15. En vertu de ces dispositions, la taxe dont la déduction a été omise sur la déclaration afférente au mois au titre duquel elle était déductible, ne peut figurer, à condition de faire l'objet d'une inscription distincte, que sur les déclarations déposées avant le 31 décembre de la deuxième année suivant celle de l'omission. Ainsi, en admettant même que M.B..., qui pour la première fois en appel produit des factures mentionnant la taxe sur la valeur ajoutée ayant grevé certaines de ses dépenses, ait disposé comme il le prétend d'un crédit de taxe déductible de 19 228 euros pour la période du 1er janvier au 31 décembre 2010, et de 81 166,89 euros pour la période du 1er janvier au 31 juillet 2011, ce crédit ne peut être admis en déduction du complément de taxe sur la valeur ajoutée auquel il a été assujetti, dès lors qu'il n'a pas été déclaré dans les conditions prévues par l'article 208 précité.
Sur les pénalités :
16. M. B...reprend en appel, sans l'assortir d'arguments nouveaux ou de critique utile du jugement, le moyen tiré de ce que l'administration n'apporterait pas la preuve du caractère délibéré des manquements.
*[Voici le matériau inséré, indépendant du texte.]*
lemma cset_drop_refines_tail:
  assumes le: "comp_le h0 (a # g')" and pos: "positive g'" and a: "a = sum_list (take k h0)"
  shows "cset g' \<subseteq> cset (drop k h0)"
proof
  fix x
  assume "x \<in> cset g'"
  then obtain i' where i': "0 < i'" "i' < length g'" "x = sum_list (take i' g')"
    by (auto simp: cset_def)
  have "0 < x"
    using i' pos by (cases g'; cases i') (auto simp: positive_def)
  have "a + x \<in> cset (a # g')"
    unfolding cset_def using i' by (auto intro!: exI[where x="Suc i'"])
  then have "a + x \<in> cset h0"
    using le by (auto simp: comp_le_def)
  then obtain k' where k': "0 < k'" "k' < length h0" "a + x = sum_list (take k' h0)"
    by (auto simp: cset_def)
  have "k < k'"
  proof (rule ccontr)
    assume "\<not> k < k'"
    then have "sum_list (take k' h0) \<le> sum_list (take k h0)"
      by (intro sum_take_mono) simp
    then show False
      using a k' \<open>0 < x\<close> by simp
  qed
  then have "take k' h0 = take k h0 @ take (k' - k) (drop k h0)"
    by (metis le_add_diff_inverse less_imp_le take_add)
  then have "x = sum_list (take (k' - k) (drop k h0))"
    using a k' by simp
  moreover have "0 < k' - k" "k' - k < length (drop k h0)"
    using \<open>k < k'\<close> k' by auto
  ultimately show "x \<in> cset (drop k h0)"
    unfolding cset_def by blast
qed

text \<open>If h refines a # g', the partial sum a of a # g' is a partial sum of h; cutting h there
  gives a prefix summing to a and a remainder refining g'.\<close>

lemma comp_le_split:
  assumes le: "comp_le h0 (a # g')" and g': "g' \<noteq> []" and pos: "positive g'"
  shows "\<exists>h h2. h0 = h @ h2 \<and> h \<noteq> [] \<and> h2 \<noteq> [] \<and> sum_list h = a \<and> comp_le h2 g'"
proof -
  have "a \<in> cset (a # g')"
    unfolding cset_def using g' by (auto intro!: exI[where x=1])
  then have "a \<in> cset h0"
    using le by (auto simp: comp_le_def)
  then obtain k where k: "0 < k" "k < length h0" "a = sum_list (take k h0)"
    by (auto simp: cset_def)
  have "sum_list h0 = sum_list (take k h0) + sum_list (drop k h0)"
    by (metis append_take_drop_id sum_list_append)
  then have "sum_list (drop k h0) = sum_list g'"
    using le k by (simp add: comp_le_def)
  then have "comp_le (drop k h0) g'"
    using cset_drop_refines_tail[OF le pos k(3)] by (simp add: comp_le_def)
  then show ?thesis
    using k by (intro exI[of _ "take k h0"] exI[of _ "drop k h0"]) auto
qed

text \<open>The first block of a decomposition of \<epsilon>^i a \<alpha>' is \<epsilon>^i g with g = a # g'.  If g' is
  nonempty, the part of the refining block beyond the partial sum a becomes, together with g',
  the first block (without leading \<epsilon>'s) of a decomposition of \<alpha>'.\<close>

lemma compat_dec_split_first:
  assumes dec: "compat_dec \<beta> (replicate i Eps @ Num a # \<alpha>') bs e cs f"
  shows "\<exists>j h \<beta>' bs' e' cs' f'. \<beta> = replicate j Eps @ map Num h @ \<beta>' \<and> j \<le> i \<and>
    h \<noteq> [] \<and> positive h \<and> sum_list h = a \<and> compat_dec \<beta>' \<alpha>' bs' e' cs' f' \<and>
    dec_coef bs e cs f = (i choose j) * dec_coef bs' e' cs' f'"
proof (cases cs)
  case Nil
  then have "replicate i Eps @ Num a # \<alpha>' = replicate f Eps"
    using dec by (simp add: compat_dec_Nil)
  then have "Num a \<in> set (replicate f Eps)"
    by (metis in_set_conv_decomp)
  then show ?thesis
    by (simp split: if_splits)
next
  case (Cons c cs0)
  obtain i0 g where c: "c = (i0, g)"
    by (cases c)
  obtain j h0 bs0 where bs: "bs = (j, h0) # bs0"
    using dec Cons by (cases bs) (auto simp: compat_dec_def)
  from dec[unfolded bs Cons c compat_dec_Cons] obtain \<beta>0 \<alpha>0 where
    \<beta>: "\<beta> = replicate j Eps @ map Num h0 @ \<beta>0" and
    \<alpha>: "replicate i Eps @ Num a # \<alpha>' = replicate i0 Eps @ map Num g @ \<alpha>0" and
    dec0: "compat_dec \<beta>0 \<alpha>0 bs0 e cs0 f" and
    j: "j \<le> i0" and ne: "h0 \<noteq> []" "g \<noteq> []" and pos: "positive h0" "positive g" and
    le: "comp_le h0 g"
    by blast
  obtain g' where g: "g = a # g'" and i0: "i0 = i" and \<alpha>': "\<alpha>' = map Num g' @ \<alpha>0"
    using eps_prefix_inj[of i "Num a # \<alpha>'" i0 "map Num g @ \<alpha>0"] \<alpha> ne(2)
    by (cases g) auto
  have coef: "dec_coef bs e cs f = (i choose j) * dec_coef bs0 e cs0 f"
    using bs Cons c i0 by (simp add: dec_coef_Cons)
  show ?thesis
  proof (cases "g' = []")
    case True
    then have "sum_list h0 = a" "\<alpha>' = \<alpha>0"
      using le g \<alpha>' by (auto simp: comp_le_single)
    then show ?thesis
      using \<beta> j i0 ne pos dec0 coef by blast
  next
    case False
    obtain h h2 where hh: "h0 = h @ h2" "h \<noteq> []" "h2 \<noteq> []" "sum_list h = a" "comp_le h2 g'"
      using comp_le_split[of h0 a g'] le g False pos by auto
    have "compat_dec (map Num h2 @ \<beta>0) \<alpha>' ((0, h2) # bs0) e ((0, g') # cs0) f"
      unfolding compat_dec_Cons using dec0 \<alpha>' hh False pos g by auto
    moreover have "dec_coef bs e cs f = (i choose j) * dec_coef ((0, h2) # bs0) e ((0, g') # cs0) f"
      using coef by (simp add: dec_coef_Cons)
    moreover have "\<beta> = replicate j Eps @ map Num h @ (map Num h2 @ \<beta>0)"
      using \<beta> hh by simp
    ultimately show ?thesis
      using j i0 hh pos by fastforce
  qed
qed
lemma lrp_X_eq:
  assumes "\<forall>r<h. \<forall>j<dh. Q r i j \<noteq> 0 \<and> K r i j \<noteq> 0 \<and> V r i j \<noteq> 0"
  shows "RX i a = X i a * (\<Sum>r<h.
              alpha * mmul dh (ThQ r) (tr (WQ r)) i a
            + alpha * mmul dh (ThK r) (tr (WK r)) i a
            + 1/4 * mmul dh (ThV r) (tr (WV r)) i a)"
proof -
  have head: "RXQ r i a + RXK r i a + RXV r i a = X i a * (
              alpha * mmul dh (ThQ r) (tr (WQ r)) i a
            + alpha * mmul dh (ThK r) (tr (WK r)) i a
            + 1/4 * mmul dh (ThV r) (tr (WV r)) i a)" if "r < h" for r
  proof -
    have "RXQ r i a = 1 * (1 / (4 * sqrt (real dh))) / 2 * X i a * mmul dh (ThQ r) (tr (WQ r)) i a"
      by (rule lrp_left_ratio) (use assms that in \<open>simp add: lrp_Q_eq\<close>)
    moreover have "RXK r i a = 1 * (1 / (4 * sqrt (real dh))) / 2 * X i a * mmul dh (ThK r) (tr (WK r)) i a"
      by (rule lrp_left_ratio) (use assms that in \<open>simp add: lrp_K_eq\<close>)
    moreover have "RXV r i a = 1 * (1/2) / 2 * X i a * mmul dh (ThV r) (tr (WV r)) i a"
      by (rule lrp_left_ratio) (use assms that in \<open>simp add: lrp_V_eq\<close>)
    ultimately show ?thesis by (simp add: algebra_simps)
  qed
  show ?thesis
    unfolding lrp_X_def sum_distrib_left by (intro sum.cong refl) (simp add: head)
qed

lemma msum_lrp_head:
  assumes "\<forall>i<m. \<forall>j<dh. Oh r i j \<noteq> 0"
    and "\<forall>i<m. \<forall>j<m. E r i j \<noteq> 0"
    and "\<forall>i<m. \<forall>j<dh. Q r i j \<noteq> 0 \<and> K r i j \<noteq> 0 \<and> V r i j \<noteq> 0"
  shows "msum m dh (ROh r) = msum m d (RXQ r) + msum m d (RXK r) + msum m d (RXV r)
           + (msum d dh (RWQ r) + msum d dh (RWK r) + msum d dh (RWV r))"
proof -
  have Oh_layer: "msum m m (RA r) + msum m dh (RV r) = msum m dh (ROh r)"
    unfolding lrp_A_def lrp_V_def
    by (rule msum_lrp_conservation) (use assms in \<open>simp_all add: mha_Oh_def\<close>)
  have E_layer: "msum m dh (RQ r) + msum m dh (RK r) = msum m m (RA r)"
    \<comment> \<open>R(K_r) is stored as the transpose of the relevance of the right factor K_r^T\<close>
    unfolding lrp_Q_def lrp_K_def lrp_E_def msum_swap
    by (rule msum_lrp_conservation) (use assms in \<open>simp_all add: mha_E_def\<close>)
  have Q_layer: "msum m d (RXQ r) + msum d dh (RWQ r) = msum m dh (RQ r)"
    unfolding lrp_WQ_def
    by (rule msum_lrp_conservation) (use assms in \<open>simp_all add: mha_Q_def\<close>)
  have K_layer: "msum m d (RXK r) + msum d dh (RWK r) = msum m dh (RK r)"
    unfolding lrp_WK_def
    by (rule msum_lrp_conservation) (use assms in \<open>simp_all add: mha_Q_def\<close>)
  have V_layer: "msum m d (RXV r) + msum d dh (RWV r) = msum m dh (RV r)"
    unfolding lrp_WV_def
    by (rule msum_lrp_conservation) (use assms in \<open>simp_all add: mha_Q_def\<close>)
  from Oh_layer E_layer Q_layer K_layer V_layer show ?thesis by linarith
qed

lemma relevance_conservation:
  assumes "d = h * dh"
    and "\<forall>i<m. \<forall>j<d. f i j \<noteq> 0"
    and "\<forall>i<m. \<forall>j<d. Ocat i j \<noteq> 0"
    and "\<forall>r<h. \<forall>i<m. \<forall>j<m. E r i j \<noteq> 0"
    and "\<forall>r<h. \<forall>i<m. \<forall>j<dh. Q r i j \<noteq> 0 \<and> K r i j \<noteq> 0 \<and> V r i j \<noteq> 0"
  shows "msum m d RX + msum d d RWO
           + (\<Sum>r<h. msum d dh (RWQ r) + msum d dh (RWK r) + msum d dh (RWV r))
         = msum m d Rf"
proof -
  have Oh_nonzero: "\<forall>i<m. \<forall>j<dh. Oh r i j \<noteq> 0" if "r < h" for r
  proof (intro allI impI)
    fix i j assume "i < m" "j < dh"
    have "r * dh + j < Suc r * dh" using \<open>j < dh\<close> by simp
    also have "\<dots> \<le> h * dh" using \<open>r < h\<close> by (intro mult_le_mono1) simp
    finally have "Ocat i (r * dh + j) \<noteq> 0" using assms(1,3) \<open>i < m\<close> by simp
    then show "Oh r i j \<noteq> 0"
      using block_concat_heads[OF \<open>j < dh\<close>, of Oh r i] by (simp add: mha_O_def block_def)
  qed
  have f_layer: "msum m d RO + msum d d RWO = msum m d Rf"
    unfolding lrp_O_def lrp_WO_def
    by (rule msum_lrp_conservation) (use assms(2) in \<open>simp_all add: mha_f_def\<close>)
  have "msum m d RO = (\<Sum>r<h. msum m dh (ROh r))"
    using msum_block[of m h dh RO] assms(1) by (simp add: lrp_Oh_def)
  also have "\<dots> = (\<Sum>r<h. msum m d (RXQ r) + msum m d (RXK r) + msum m d (RXV r)
           + (msum d dh (RWQ r) + msum d dh (RWK r) + msum d dh (RWV r)))"
    by (intro sum.cong refl msum_lrp_head) (use assms Oh_nonzero in auto)
  also have "\<dots> = msum m d RX
           + (\<Sum>r<h. msum d dh (RWQ r) + msum d dh (RWK r) + msum d dh (RWV r))"
    unfolding lrp_X_def msum_sum msum_add sum.distrib ..
  finally show ?thesis using f_layer by linarith
qed

end

theorem proposition2:
  fixes m d dh h :: nat
    and X WO Rf :: mat
    and WQ WK WV :: hmat
  assumes dims: "0 < m" "0 < d" "0 < dh" "dh dvd d" "h = d div dh"
  defines "Q \<equiv> mha_Q d X WQ"
    and "K \<equiv> mha_Q d X WK"
    and "V \<equiv> mha_Q d X WV"
    and "E \<equiv> mha_E d dh X WQ WK"
    and "A \<equiv> mha_A m d dh X WQ WK"
    and "Oh \<equiv> mha_Oh m d dh X WQ WK WV"
    and "Ocat \<equiv> mha_O m d dh X WQ WK WV"
    and "f \<equiv> mha_f m d dh X WQ WK WV WO"
  assumes nz_f: "\<forall>i<m. \<forall>j<d. f i j \<noteq> 0"
    and nz_O: "\<forall>i<m. \<forall>j<d. Ocat i j \<noteq> 0"
    and nz_E: "\<forall>r<h. \<forall>i<m. \<forall>j<m. E r i j \<noteq> 0"
    and nz_QKV: "\<forall>r<h. \<forall>i<m. \<forall>j<dh. Q r i j \<noteq> 0 \<and> K r i j \<noteq> 0 \<and> V r i j \<noteq> 0"
  defines "RWO \<equiv> lrp_WO m d dh X WQ WK WV WO Rf"
    and "RWQ \<equiv> lrp_WQ m d dh X WQ WK WV WO Rf"
    and "RWK \<equiv> lrp_WK m d dh X WQ WK WV WO Rf"
    and "RWV \<equiv> lrp_WV m d dh X WQ WK WV WO Rf"
    and "RX \<equiv> lrp_X h m d dh X WQ WK WV WO Rf"
  shows "let Lf = (\<lambda>i j. Rf i j / f i j);
             LO = (\<lambda>r i j. block dh (\<lambda>i j. 1/2 * Ocat i j * mmul d Lf (tr WO) i j) r i j / Oh r i j);
             alpha = 1 / (8 * sqrt (real dh));
             Phi = (\<lambda>r i j. A r i j * mmul dh (LO r) (tr (V r)) i j / E r i j);
             ThQ = (\<lambda>r. mmul m (Phi r) (K r));
             ThK = (\<lambda>r. mmul m (tr (Phi r)) (Q r));
             ThV = (\<lambda>r. mmul m (tr (A r)) (LO r))
         in (\<forall>a<d. \<forall>j<d. RWO a j = 1/2 * WO a j * mmul m (tr Ocat) Lf a j)
       \<and> (\<forall>r<h. \<forall>a<d. \<forall>j<dh.
             RWQ r a j = alpha * WQ r a j * mmul m (tr X) (ThQ r) a j
           \<and> RWK r a j = alpha * WK r a j * mmul m (tr X) (ThK r) a j
           \<and> RWV r a j = 1/4 * WV r a j * mmul m (tr X) (ThV r) a j)
       \<and> (\<forall>i<m. \<forall>a<d. RX i a = X i a * (\<Sum>r<h.
              alpha * mmul dh (ThQ r) (tr (WQ r)) i a
            + alpha * mmul dh (ThK r) (tr (WK r)) i a
            + 1/4 * mmul dh (ThV r) (tr (WV r)) i a))
       \<and> msum m d RX + msum d d RWO
           + (\<Sum>r<h. msum d dh (RWQ r) + msum d dh (RWK r) + msum d dh (RWV r))
         = msum m d Rf"
proof -
  interpret mha_lrp m d dh h X WO Rf WQ WK WV .
  have d_eq: "d = h * dh" using dims by simp
  note nonzero = nz_f[unfolded f_def] nz_O[unfolded Ocat_def] nz_E[unfolded E_def]
    nz_QKV[unfolded Q_def K_def V_def]
  show ?thesis
    unfolding Let_def Q_def K_def V_def E_def A_def Oh_def Ocat_def f_def
      RWO_def RWQ_def RWK_def RWV_def RX_def
    using relevance_conservation[OF d_eq nonzero] nonzero(4)
    by (simp add: lrp_WO_eq lrp_WQ_eq lrp_WK_eq lrp_WV_eq lrp_X_eq)
qed

end
(* Let $\mathbf k=(k_1,\ldots,k_r)\in\mathbb N^r$, $\mathbf x=(x_1,\ldots,x_r)$ with $|x_j|\le1$, $l\in\mathbb N_0$ and $n\in\mathbb N$. Then \[ \sum_{n\ge n_1\ge n_2\ge\cdots\ge n_r>0}\prod_{j=1}^r\frac{x_j^{n_j+l}}{(n_j+l)^{k_j}}=(-1)^r\sum_{j=0}^r(-1)^j\,\zeta^\star_{n+l}(k_1,\ldots,k_j;x_1,\ldots,x_j)\,\zeta_l(k_r,k_{r-1},\ldots,k_{j+1};x_r,x_{r-1},\ldots,x_{j+1}). \]
   Context: $\zeta_n(\mathbf k;\mathbf x)=\sum_{n\ge n_1>\cdots>n_r\ge1}\prod_i x_i^{n_i}/n_i^{k_i}$ and $\zeta^\star_n(\mathbf k;\mathbf x)=\sum_{n\ge n_1\ge\cdots\ge n_r\ge1}\prod_i x_i^{n_i}/n_i^{k_i}$ for $n\in\mathbb N_0$; both equal $1$ for the empty index, and a sum over an empty range is $0$. *)

theory Defs
  imports Complex_Main
begin

text \<open>Truncated multiple polylogarithm sums, indices given as lists
  ks = [k_1,...,k_r], xs = [x_1,...,x_r] (of equal length).
  mzv_trunc n ks xs  = sum over n >= n_1 > n_2 > ... > n_r >= 1 of prod x_i^n_i / n_i^k_i,
  mzsv_trunc n ks xs = sum over n >= n_1 >= n_2 >= ... >= n_r >= 1 of the same.\<close>

fun mzv_trunc :: "nat \<Rightarrow> nat list \<Rightarrow> complex list \<Rightarrow> complex" where
  "mzv_trunc n (k # ks) (x # xs) =
     (\<Sum>m=1..n. x ^ m / of_nat m ^ k * mzv_trunc (m - 1) ks xs)"
| "mzv_trunc n _ _ = 1"

fun mzsv_trunc :: "nat \<Rightarrow> nat list \<Rightarrow> complex list \<Rightarrow> complex" where
  "mzsv_trunc n (k # ks) (x # xs) =
     (\<Sum>m=1..n. x ^ m / of_nat m ^ k * mzsv_trunc m ks xs)"
| "mzsv_trunc n _ _ = 1"

fun shifted_star :: "nat \<Rightarrow> nat \<Rightarrow> nat list \<Rightarrow> complex list \<Rightarrow> complex" where
  "shifted_star l n (k # ks) (x # xs) =
     (\<Sum>m=1..n. x ^ (m + l) / of_nat (m + l) ^ k * shifted_star l m ks xs)"
| "shifted_star l n _ _ = 1"

end

theory Submission
  imports Defs
begin

text \<open>Write S_l(N; k_1..k_r) for the star sum over N >= n_1 >= ... >= n_r > l; after
  the shift n_j := n_j + l the left-hand side is S_l(n + l; k_1..k_r). Raising l by one
  removes exactly the terms with n_r = l + 1, so
  S_(l+1)(k_1..k_r) = S_l(k_1..k_r) - x_r^(l+1) / (l+1)^k_r * S_l(k_1..k_(r-1)).
  The alternating right-hand side obeys the same recursion in l, since k_r is the leading
  index of every zeta_l(k_r, ...) and
  zeta_(l+1)(k_r, ...) = zeta_l(k_r, ...) + x_r^(l+1) / (l+1)^k_r * zeta_l(...).
  At l = 0 both sides reduce to the plain star sum, only the term j = r surviving on the
  right.\<close>

fun mzsv_above :: "nat \<Rightarrow> nat \<Rightarrow> nat list \<Rightarrow> complex list \<Rightarrow> complex" where
  "mzsv_above l N (k # ks) (x # xs) =
     (\<Sum>m=Suc l..N. x ^ m / of_nat m ^ k * mzsv_above l m ks xs)"
| "mzsv_above l N _ _ = 1"

lemma mzsv_above_0:
  "length ks = length xs \<Longrightarrow> mzsv_above 0 N ks xs = mzsv_trunc N ks xs"
proof (induction ks arbitrary: xs N)
  case (Cons k ks)
  then show ?case by (cases xs) auto
qed simp

lemma shifted_star_eq_mzsv_above:
  "length ks = length xs \<Longrightarrow> shifted_star l n ks xs = mzsv_above l (n + l) ks xs"
proof (induction ks arbitrary: xs n)
  case Nil
  then show ?case by simp
next
  case (Cons k ks)
  then obtain x xs' where xs: "xs = x # xs'" and len: "length ks = length xs'"
    by (cases xs) auto
  have "shifted_star l n (k # ks) xs =
      (\<Sum>m=1..n. x ^ (m + l) / of_nat (m + l) ^ k * mzsv_above l (m + l) ks xs')"
    by (simp add: xs Cons.IH[OF len])
  also have "\<dots> = (\<Sum>m=1+l..n+l. x ^ m / of_nat m ^ k * mzsv_above l m ks xs')"
    by (rule sum.shift_bounds_cl_nat_ivl[symmetric])
  finally show ?case by (simp add: xs)
qed

lemma mzsv_above_snoc:
  assumes "length ks = length xs" and "Suc l \<le> N"
  shows "mzsv_above l N (ks @ [k]) (xs @ [x]) =
    mzsv_above (Suc l) N (ks @ [k]) (xs @ [x]) +
    x ^ Suc l / of_nat (Suc l) ^ k * mzsv_above l N ks xs"
  using assms
proof (induction ks arbitrary: xs N)
  case Nil
  then show ?case by (simp add: sum.atLeast_Suc_atMost)
next
  case (Cons a ks)
  then obtain b xs' where xs: "xs = b # xs'" and len: "length ks = length xs'"
    by (cases xs) auto
  let ?term = "\<lambda>L m. b ^ m / of_nat m ^ a * mzsv_above L m (ks @ [k]) (xs' @ [x])"
  have lowest_term_vanishes: "?term (Suc l) (Suc l) = 0"
    by (cases ks; cases xs') auto
  have "mzsv_above l N ((a # ks) @ [k]) (xs @ [x]) = (\<Sum>m=Suc l..N. ?term l m)"
    by (simp add: xs)
  also have "\<dots> = (\<Sum>m=Suc l..N. ?term (Suc l) m) +
      x ^ Suc l / of_nat (Suc l) ^ k * (\<Sum>m=Suc l..N. b ^ m / of_nat m ^ a * mzsv_above l m ks xs')"
    by (simp add: Cons.IH[OF len] sum.distrib sum_distrib_left algebra_simps)
  also have "(\<Sum>m=Suc l..N. ?term (Suc l) m) = (\<Sum>m=Suc (Suc l)..N. ?term (Suc l) m)"
    using Cons.prems(2) lowest_term_vanishes by (simp add: sum.atLeast_Suc_atMost)
  finally show ?case by (simp add: xs)
qed

definition mzsv_mzv_alternating_sum :: "nat \<Rightarrow> nat \<Rightarrow> nat list \<Rightarrow> complex list \<Rightarrow> complex" where
  "mzsv_mzv_alternating_sum l N ks xs = (-1) ^ length ks * (\<Sum>j=0..length ks. (-1) ^ j *
     mzsv_trunc N (take j ks) (take j xs) * mzv_trunc l (rev (drop j ks)) (rev (drop j xs)))"

lemma mzv_trunc_0:
  "ks \<noteq> [] \<Longrightarrow> length ks = length xs \<Longrightarrow> mzv_trunc 0 ks xs = 0"
  by (cases ks; cases xs) auto

lemma mzsv_mzv_alternating_sum_0:
  assumes "length ks = length xs"
  shows "mzsv_mzv_alternating_sum 0 N ks xs = mzsv_trunc N ks xs"
proof -
  let ?r = "length ks"
  have "mzv_trunc 0 (rev (drop j ks)) (rev (drop j xs)) = 0" if "j < ?r" for j
    using that assms by (intro mzv_trunc_0) auto
  then have "(\<Sum>j=0..?r. (-1) ^ j * mzsv_trunc N (take j ks) (take j xs) *
        mzv_trunc 0 (rev (drop j ks)) (rev (drop j xs))) = (-1) ^ ?r * mzsv_trunc N ks xs"
    using assms by (subst sum.last_plus) (simp_all add: sum.neutral)
  then show ?thesis
    by (simp add: mzsv_mzv_alternating_sum_def power_mult_distrib[symmetric])
qed

lemma mzsv_mzv_alternating_sum_snoc:
  assumes "length ks = length xs"
  shows "mzsv_mzv_alternating_sum (Suc l) N (ks @ [k]) (xs @ [x]) =
    mzsv_mzv_alternating_sum l N (ks @ [k]) (xs @ [x]) -
    x ^ Suc l / of_nat (Suc l) ^ k * mzsv_mzv_alternating_sum l N ks xs"
proof -
  let ?r = "length ks"
  let ?c = "x ^ Suc l / of_nat (Suc l) ^ k"
  define S where "S j = (-1) ^ j * mzsv_trunc N (take j ks) (take j xs)" for j
  define T where "T = mzsv_trunc N (ks @ [k]) (xs @ [x])"
  have snoc_split: "mzsv_mzv_alternating_sum L N (ks @ [k]) (xs @ [x]) = (-1) ^ Suc ?r *
      ((\<Sum>j=0..?r. S j * mzv_trunc L (k # rev (drop j ks)) (x # rev (drop j xs)))
       + (-1) ^ Suc ?r * T)" for L
    using assms
    by (simp add: mzsv_mzv_alternating_sum_def sum.atLeast0_atMost_Suc S_def T_def mult.assoc)
  have shorter: "mzsv_mzv_alternating_sum l N ks xs = (-1) ^ ?r *
      (\<Sum>j=0..?r. S j * mzv_trunc l (rev (drop j ks)) (rev (drop j xs)))"
    by (simp add: mzsv_mzv_alternating_sum_def S_def mult.assoc)
  have "(\<Sum>j=0..?r. S j * mzv_trunc (Suc l) (k # rev (drop j ks)) (x # rev (drop j xs))) =
      (\<Sum>j=0..?r. S j * mzv_trunc l (k # rev (drop j ks)) (x # rev (drop j xs))) +
      ?c * (\<Sum>j=0..?r. S j * mzv_trunc l (rev (drop j ks)) (rev (drop j xs)))"
    by (simp add: sum.distrib sum_distrib_left algebra_simps)
  then show ?thesis
    unfolding snoc_split shorter by (simp add: algebra_simps)
qed

lemma mzsv_above_eq_alternating_sum:
  "l \<le> N \<Longrightarrow> length ks = length xs \<Longrightarrow>
    mzsv_above l N ks xs = mzsv_mzv_alternating_sum l N ks xs"
proof (induction l arbitrary: ks xs)
  case 0
  then show ?case by (simp add: mzsv_above_0 mzsv_mzv_alternating_sum_0)
next
  case (Suc l)
  show ?case
  proof (cases ks rule: rev_exhaust)
    case Nil
    with Suc.prems show ?thesis by (simp add: mzsv_mzv_alternating_sum_def)
  next
    case (snoc ks' k)
    with Suc.prems obtain xs' x where xs: "xs = xs' @ [x]"
      by (cases xs rule: rev_exhaust) auto
    have len: "length ks' = length xs'"
      using Suc.prems snoc xs by simp
    show ?thesis
      using mzsv_above_snoc[OF len Suc.prems(1), of k x]
        Suc.IH[of "ks' @ [k]" "xs' @ [x]"] Suc.IH[of ks' xs'] Suc.prems len
      by (simp add: mzsv_mzv_alternating_sum_snoc snoc xs)
  qed
qed

theorem mainTheorem13:
  fixes ks :: "nat list" and xs :: "complex list" and l n :: nat
  assumes "length xs = length ks"
    and "\<forall>k\<in>set ks. k \<ge> 1"
    and "\<forall>x\<in>set xs. norm x \<le> 1"
    and "n \<ge> 1"
  shows "shifted_star l n ks xs =
    (-1) ^ length ks * (\<Sum>j=0..length ks. (-1) ^ j *
       mzsv_trunc (n + l) (take j ks) (take j xs) *
       mzv_trunc l (rev (drop j ks)) (rev (drop j xs)))"
proof -
  have len: "length ks = length xs"
    using assms(1) by simp
  have "shifted_star l n ks xs = mzsv_above l (n + l) ks xs"
    using shifted_star_eq_mzsv_above[OF len] .
  also have "\<dots> = mzsv_mzv_alternating_sum l (n + l) ks xs"
    using mzsv_above_eq_alternating_sum[OF _ len] by simp
  finally show ?thesis
    unfolding mzsv_mzv_alternating_sum_def .
qed

end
Il convient d'écarter ce moyen par adoption des motifs pertinents retenus par les premiers juges
Il résulte de tout ce qui précède que M. B...n'est pas fondé à soutenir que c'est à tort que, par le jugement attaqué, le tribunal administratif a rejeté sa demande. Par voie de conséquence, les conclusions présentées au titre de l'article L. 761-1 du code de justice administrative doivent être rejetées.
DECIDE :
Article 1er : Il n'y a pas lieu de statuer sur les conclusions de la requête, à concurrence du dégrèvement de 678 euros prononcé en cours d'instance.
Article 2 : Le surplus des conclusions de la requête de M. B...est rejeté.
Article 3 : Le présent arrêt sera notifié à M. A...B...et au ministre de l'action et des comptes publics.